EXERCISE – Down to the final line, reproduce the entries that follow exactly.

(GIVEN INFORMATION begins)

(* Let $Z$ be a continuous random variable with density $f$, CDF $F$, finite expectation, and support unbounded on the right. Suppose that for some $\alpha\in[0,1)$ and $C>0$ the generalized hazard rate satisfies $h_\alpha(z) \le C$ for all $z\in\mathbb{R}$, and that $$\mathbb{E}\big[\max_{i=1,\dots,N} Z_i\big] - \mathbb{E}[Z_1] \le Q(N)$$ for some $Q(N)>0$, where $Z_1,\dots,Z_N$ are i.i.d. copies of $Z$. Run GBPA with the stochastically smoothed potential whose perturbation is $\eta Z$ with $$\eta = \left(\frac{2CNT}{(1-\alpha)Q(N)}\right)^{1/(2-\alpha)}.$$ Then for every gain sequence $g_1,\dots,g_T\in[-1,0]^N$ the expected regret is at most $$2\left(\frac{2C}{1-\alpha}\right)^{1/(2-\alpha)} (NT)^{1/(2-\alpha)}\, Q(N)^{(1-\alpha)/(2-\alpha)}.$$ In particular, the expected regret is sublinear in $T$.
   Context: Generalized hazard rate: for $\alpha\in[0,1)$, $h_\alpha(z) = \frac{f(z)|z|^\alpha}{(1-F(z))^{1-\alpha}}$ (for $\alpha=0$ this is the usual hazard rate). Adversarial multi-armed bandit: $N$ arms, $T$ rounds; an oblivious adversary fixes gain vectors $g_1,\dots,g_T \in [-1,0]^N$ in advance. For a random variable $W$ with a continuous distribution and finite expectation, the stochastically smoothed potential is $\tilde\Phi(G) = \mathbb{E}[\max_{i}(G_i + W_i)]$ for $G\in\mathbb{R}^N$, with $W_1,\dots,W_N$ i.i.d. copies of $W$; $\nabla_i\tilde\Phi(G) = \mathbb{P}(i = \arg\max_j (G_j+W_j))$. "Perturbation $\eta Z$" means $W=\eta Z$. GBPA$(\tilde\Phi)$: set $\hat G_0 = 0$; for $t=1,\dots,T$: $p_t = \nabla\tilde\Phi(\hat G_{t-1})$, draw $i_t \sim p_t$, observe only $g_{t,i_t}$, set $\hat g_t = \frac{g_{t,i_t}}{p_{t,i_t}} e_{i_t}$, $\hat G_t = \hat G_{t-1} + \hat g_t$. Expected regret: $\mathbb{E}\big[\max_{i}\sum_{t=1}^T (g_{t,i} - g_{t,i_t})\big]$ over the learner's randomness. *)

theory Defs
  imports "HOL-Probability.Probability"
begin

(GIVEN INFORMATION ends)

RESPONSE TO THIS TASK –
(* Let $Z$ be a continuous random variable with density $f$, CDF $F$, finite expectation, and support unbounded on the right. Suppose that for some $\alpha\in[0,1)$ and $C>0$ the generalized hazard rate satisfies $h_\alpha(z) \le C$ for all $z\in\mathbb{R}$, and that $$\mathbb{E}\big[\max_{i=1,\dots,N} Z_i\big] - \mathbb{E}[Z_1] \le Q(N)$$ for some $Q(N)>0$, where $Z_1,\dots,Z_N$ are i.i.d. copies of $Z$. Run GBPA with the stochastically smoothed potential whose perturbation is $\eta Z$ with $$\eta = \left(\frac{2CNT}{(1-\alpha)Q(N)}\right)^{1/(2-\alpha)}.$$ Then for every gain sequence $g_1,\dots,g_T\in[-1,0]^N$ the expected regret is at most $$2\left(\frac{2C}{1-\alpha}\right)^{1/(2-\alpha)} (NT)^{1/(2-\alpha)}\, Q(N)^{(1-\alpha)/(2-\alpha)}.$$ In particular, the expected regret is sublinear in $T$.
   Context: Generalized hazard rate: for $\alpha\in[0,1)$, $h_\alpha(z) = \frac{f(z)|z|^\alpha}{(1-F(z))^{1-\alpha}}$ (for $\alpha=0$ this is the usual hazard rate). Adversarial multi-armed bandit: $N$ arms, $T$ rounds; an oblivious adversary fixes gain vectors $g_1,\dots,g_T \in [-1,0]^N$ in advance. For a random variable $W$ with a continuous distribution and finite expectation, the stochastically smoothed potential is $\tilde\Phi(G) = \mathbb{E}[\max_{i}(G_i + W_i)]$ for $G\in\mathbb{R}^N$, with $W_1,\dots,W_N$ i.i.d. copies of $W$; $\nabla_i\tilde\Phi(G) = \mathbb{P}(i = \arg\max_j (G_j+W_j))$. "Perturbation $\eta Z$" means $W=\eta Z$. GBPA$(\tilde\Phi)$: set $\hat G_0 = 0$; for $t=1,\dots,T$: $p_t = \nabla\tilde\Phi(\hat G_{t-1})$, draw $i_t \sim p_t$, observe only $g_{t,i_t}$, set $\hat g_t = \frac{g_{t,i_t}}{p_{t,i_t}} e_{i_t}$, $\hat G_t = \hat G_{t-1} + \hat g_t$. Expected regret: $\mathbb{E}\big[\max_{i}\sum_{t=1}^T (g_{t,i} - g_{t,i_t})\big]$ over the learner's randomness. *)

theory Defs
  imports "HOL-Probability.Probability"
begin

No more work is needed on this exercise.